There is plenty of WordPress support. You are not held hostage by the developer or platform. If you are not satisfied with their service level, pack and leave!

Importance of maintaining the website

Maintenance is often underrated in a website strategy. The software used to build the website becomes obsolete or requires patches to fix bugs or security loopholes. The top reasons for a website getting hacked are because the password is compromised and software is not secure or not updated.

Updating a website can be a simple task when everything goes well. But things can go wrong:

  • An update can modify the site aesthetically
  • Different plugins can be incompatible, rendering errors in the website
  • An update can break functionality too

All this is not common but when it does happen, you will need support. But that’s a reactive approach.

A better proactive approach is to engage a maintenance contract with the developer to manage the site. With our Website Care Plan, we always have a sandbox replica of the website to test updates before deploying them. In that way, we deal with issues proactively.

Integrate and automate the website

These days it is quite easy to integrate a website to 3rd party systems. For instance, you can integrate visitors’ email addresses collected from the website to your cloud-based CRM. You can also be notified via email when there is an inquiry. Like our Mustard Tree Technology website, it is also possible to integrate a Whatsapp or Facebook Messenger Lite or an online-chat program. This makes us reachable to website visitors.

If you have an e-Commerce website, either WordPress WooCommerce or Shopify, it is also possible to integrate a cloud-based Inventory system. This will give the visitor an up-to-date stock level.

The strategy to integrate and automate your website processes will save you precious operational hours, reduce errors in processing orders and increase customer satisfaction.

#10 – What to look for in a website design strategy?

Design is often perceived as subjective. In a way, it is. But there are some best practice principles we can adhere to.

Keep it intentional

Different companies have different website objectives. The business objective should dictate the design.

For instance, a hospitality website wants to showcase its first-class rooms and facilities. It does so by displaying full-screen higher resolution images or a video to tour the place. This is intentional for promoting (and selling) the hospitality services. It may come at the cost of a longer load time. That could be an acceptable compromise. Let the business need dictate your design.

Keep it light & optimized

Google gives serious consideration to a website loading time when it determines which site gets displayed on the first page of a search result. A slow-loading website gives a bad experience. So you should optimize images, defer their loading sequence, minimize JavaScript and CSS codes, and host with a reliable and speedy web hosting company.

Keep it simple

Keep the user interface simple. Not too long ago, it was a common belief that website interactivity increases website engagement time. It may have been so but these days, most people find website animation annoying especially on a mobile devices. Animation takes time and bandwidth to load and a mobile device has unpredictable bandwidth. It may also require mouse-over triggers to activate. But there is no mouse-over effect on a mobile device. So the visitor misses the information.

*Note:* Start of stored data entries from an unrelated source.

lemma cs_props_add_segment:
  fixes F :: "'x::metric_space \<Rightarrow> 'u \<Rightarrow> 'x"
  assumes cont: "\<And>k \<omega>. \<omega> \<in> controls U \<Longrightarrow> continuous_on UNIV (\<lambda>x. phi F k x \<omega>)"
    and Q: "cs_props F U Q" and x: "x \<in> Q" and \<nu>: "\<nu> \<in> controls U" and T: "phi F T x \<nu> \<in> Q"
  shows "cs_props F U (Q \<union> {phi F i x \<nu> | i. i \<le> T})"
proof -
  let ?S = "{phi F i x \<nu> | i. i \<le> T}"
  have Qi: "\<And>p. p \<in> Q \<Longrightarrow> \<exists>\<omega>\<in>controls U. \<forall>k. phi F k p \<omega> \<in> Q"
    using Q[unfolded cs_props_def, THEN conjunct1] by (rule bspec)
  have Qii: "\<And>p. p \<in> Q \<Longrightarrow> Q \<subseteq> closure (orbit_plus F U p)"
    using Q[unfolded cs_props_def, THEN conjunct2] by (rule bspec)
  have inv: "\<exists>\<omega>\<in>controls U. \<forall>k. phi F k p \<omega> \<in> Q \<union> ?S" if p: "p \<in> Q \<union> ?S" for p
  proof (cases "p \<in> Q")
    case True
    then obtain \<omega> where "\<omega> \<in> controls U" "\<forall>k. phi F k p \<omega> \<in> Q" using Qi by blast
    then show ?thesis by (meson UnI1)
  next
    case False
    then obtain i where i: "i \<le> T" "p = phi F i x \<nu>" using p by auto
    obtain \<mu> where \<mu>: "\<mu> \<in> controls U" "\<And>k. phi F k (phi F T x \<nu>) \<mu> \<in> Q"
      using Qi[OF T] by auto
    show ?thesis unfolding i(2) by (rule segment_then_invariant[OF \<nu> \<mu>(1) i(1) \<mu>(2)])
  qed
  have Q_reach: "Q \<subseteq> closure (orbit_plus F U p)" if p: "p \<in> Q \<union> ?S" for p
  proof (cases "p \<in> Q")
    case True
    then show ?thesis by (rule Qii)
  next
    case False
    then obtain i where i: "i \<le> T" "p = phi F i x \<nu>" using p by auto
    have "phi F T x \<nu> \<in> closure (orbit_plus F U p)"
      unfolding i(2) by (rule subsetD[OF closure_subset phi_in_orbit_plus_phi[OF \<nu> i(1)]])
    from closure_orbit_plus_mono[OF cont this] show ?thesis
      using Qii[OF T] by (rule order_trans[rotated])
  qed
  have S_reach: "?S \<subseteq> closure (orbit_plus F U p)" if "p \<in> Q \<union> ?S" for p
  proof -
    have "x \<in> closure (orbit_plus F U p)" using Q_reach[OF that] x by (rule subsetD)
    from closure_orbit_plus_mono[OF cont this]
    have "orbit_plus F U x \<subseteq> closure (orbit_plus F U p)"
      using closure_subset by (rule order_trans[rotated])
    moreover have "?S \<subseteq> orbit_plus F U x" using \<nu> unfolding orbit_plus_def by fastforce
    ultimately show ?thesis by (rule order_trans[rotated])
  qed
  show ?thesis unfolding cs_props_def
  proof (intro conjI ballI)
    fix p assume "p \<in> Q \<union> ?S"
    then show "Q \<union> ?S \<subseteq> closure (orbit_plus F U p)" using Q_reach S_reach by (intro Un_least)
  qed (rule inv)
qed

text \<open>By maximality: adding the segment to \<open>Q\<close> preserves both defining properties.\<close>

lemma control_set_orbit_segment:
  fixes F :: "'x::metric_space \<Rightarrow> 'u \<Rightarrow> 'x"
  assumes "control_set F U Q"
    and "\<And>k \<omega>. \<omega> \<in> controls U \<Longrightarrow> continuous_on UNIV (\<lambda>x. phi F k x \<omega>)"
    and "x \<in> Q" "\<nu> \<in> controls U" "phi F T x \<nu> \<in> Q" "i \<le> T"
  shows "phi F i x \<nu> \<in> Q"
proof -
  have "cs_props F U (Q \<union> {phi F i x \<nu> | i. i \<le> T})"
    using assms(1) cs_props_add_segment[OF assms(2) _ assms(3-5)] unfolding control_set_def by blast
  then have "Q \<union> {phi F i x \<nu> | i. i \<le> T} = Q"
    using assms(1) unfolding control_set_def by (meson Un_upper1)
  then show ?thesis using assms(6) by blast
qed

section \<open>Time averages along switched controls\<close>

lemma sum_le_mult_if_prefix_and_tail_le:
  fixes f :: "nat \<Rightarrow> real"
  assumes prefix: "\<And>i. i < T \<Longrightarrow> f i \<le> e"
    and tail: "\<And>m. m \<ge> 1 \<Longrightarrow> (\<Sum>k<m. f (T + k)) \<le> real m * e"
  shows "(\<Sum>i<n. f i) \<le> real n * e"
proof (cases "n \<le> T")
  case True
  then show ?thesis using sum_bounded_above[of "{..<n}" f e] prefix by simp
next
  case False
  define m where "m = n - T"
  have m: "n = T + m" "m \<ge> 1" using False unfolding m_def by simp_all
  have "(\<Sum>i<n. f i) = (\<Sum>i<T. f i) + (\<Sum>k<m. f (T + k))"
    unfolding m(1) by (induction m) (simp_all add: add.assoc)
  also have "\<dots> \<le> real T * e + real m * e"
    using sum_bounded_above[of "{..<T}" f e] prefix tail[OF m(2)] by (intro add_mono) simp_all
  also have "\<dots> = real n * e" unfolding m(1) by (simp add: algebra_simps)
  finally show ?thesis .
qed

lemma avg_dist_switch_at_le:
  assumes prefix: "\<And>i. i < T \<Longrightarrow> infdist (phi F i y \<nu>) Q \<le> e"
    and tail: "\<And>m. m \<ge> 1 \<Longrightarrow> avg_dist F Q m (phi F T y \<nu>) \<mu> \<le> e"
    and n: "n \<ge> 1"
  shows "avg_dist F Q n y (switch_at T \<nu> \<mu>) \<le> e"
proof -
  have "(\<Sum>i<n. infdist (phi F i y (switch_at T \<nu> \<mu>)) Q) \<le> real n * e"
  proof (rule sum_le_mult_if_prefix_and_tail_le)
    show "infdist (phi F i y (switch_at T \<nu> \<mu>)) Q \<le> e" if "i < T" for i
      using prefix[OF that] that by (simp add: phi_switch_at_le)
    show "(\<Sum>k<m. infdist (phi F (T + k) y (switch_at T \<nu> \<mu>)) Q) \<le> real m * e" if "m \<ge> 1" for m
      using tail[OF that] that by (simp add: phi_switch_at_add avg_dist_def pos_divide_le_eq mult.commute)
  qed
  then show ?thesis using n unfolding avg_dist_def by (simp add: pos_divide_le_eq mult.commute)
qed

lemma continuous_on_avg_dist:
  assumes "\<And>i. continuous_on S (\<lambda>s. phi F i (g s) (h s))"
  shows "continuous_on S (\<lambda>s. avg_dist F Q n (g s) (h s))"
  unfolding avg_dist_def divide_inverse using assms by (intro continuous_intros)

It is quite common to employ slide shows on homepage banners. It is generally proven that sliders do not work as visitors will wait to view up to 2 slides only.

Conclusion

As with any project, a website development project must start with a strategy. The strategy should specify the objective and key results. The paper flyer analogy is probably a good way to look at a website. There has to be a reason why you would want to convey a targeted message in a carefully designed sheet of paper that attracts attention and compels a favorable response. Determine when, where, and how to effectively distribute the flyer to your targeted audience. Measure and monitor your key results and adjust your strategy accordingly.

Our web design services have helped companies strategize new and re-strategized existing websites. The website is your online identity. This is a powerful way to generate revenue.